Method Using 137 complete datasets from the Onycho Trial, diagnostic accuracy of clinical diagnosis as the index test was compared with confirmatory testing as the reference test. A sensitivity analysis was performed to determine diagnostic values for different combinations of index and reference test. Logistical regression was used to assess which clinical characteristics were associated with the positive predictive value (PPV) of the index test.
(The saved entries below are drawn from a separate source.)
abbreviation removed_edge where "removed_edge \<equiv> gap_edge (L (insert \<alpha> P))"
abbreviation added_edge where "added_edge \<equiv> gap_edge (L (insert \<beta> P))"

lemma path_vertices_at_ascent_agree:
  "c \<noteq> \<alpha> \<Longrightarrow> c \<noteq> \<beta> \<Longrightarrow> c \<in> L (insert \<alpha> P) \<longleftrightarrow> c \<in> L P"
  "c \<noteq> \<alpha> \<Longrightarrow> c \<noteq> \<beta> \<Longrightarrow> c \<in> L (insert \<beta> P) \<longleftrightarrow> c \<in> L P"
  by (simp_all add: path_vertices_insert_other)

lemma removed_edge_notin_lam_edges_y: "removed_edge \<notin> lam_edges n U D y"
proof
  assume "removed_edge \<in> lam_edges n U D y"
  then obtain i where "i \<le> n" "removed_edge \<in> path_edges (L (y ` {1..i}))"
    unfolding lam_edges_def using lam_eq_path_vertices[OF y_permutes] by auto
  then have "\<alpha> \<in> L (y ` {1..i}) \<longleftrightarrow> \<alpha> \<in> U" "\<beta> \<in> L (y ` {1..i}) \<longleftrightarrow> \<beta> \<notin> U"
    using gap_edge_in_path_edges_ascent_agree ascent_membership by auto
  then have "\<alpha> \<in> y ` {1..i}" "\<beta> \<notin> y ` {1..i}"
    using mem_path_vertices ascent_range by auto
  then show False using alpha_in_prefix_of_y \<open>i \<le> n\<close> by blast
qed

lemma added_edge_notin_lam_edges_x: "added_edge \<notin> lam_edges n U D x"
proof
  assume "added_edge \<in> lam_edges n U D x"
  then obtain i where "i \<le> n" "added_edge \<in> path_edges (L (x ` {1..i}))"
    unfolding lam_edges_def using lam_eq_path_vertices[OF x_permutes] by auto
  then have "\<alpha> \<in> L (x ` {1..i}) \<longleftrightarrow> \<alpha> \<notin> U" "\<beta> \<in> L (x ` {1..i}) \<longleftrightarrow> \<beta> \<in> U"
    using gap_edge_in_path_edges_ascent_agree ascent_membership by auto
  then have "\<alpha> \<notin> x ` {1..i}" "\<beta> \<in> x ` {1..i}"
    using mem_path_vertices ascent_range by auto
  then show False using beta_in_prefix_of_x \<open>i \<le> n\<close> by blast
qed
Results Clinical accuracy, that is the PPV of the index test, was 74.5%. Sensitivity analysis showed no significant difference in diagnostic values. Male sex and a history of any previous treatment significantly increased clinical accuracy with an odds ratio (OR) of 3.873 (95% confidence interval [CI] = 1.230 to 12.195, P = 0.021) and OR 4.022 (95% CI = 1.075 to 15.040, P = 0.039), respectively.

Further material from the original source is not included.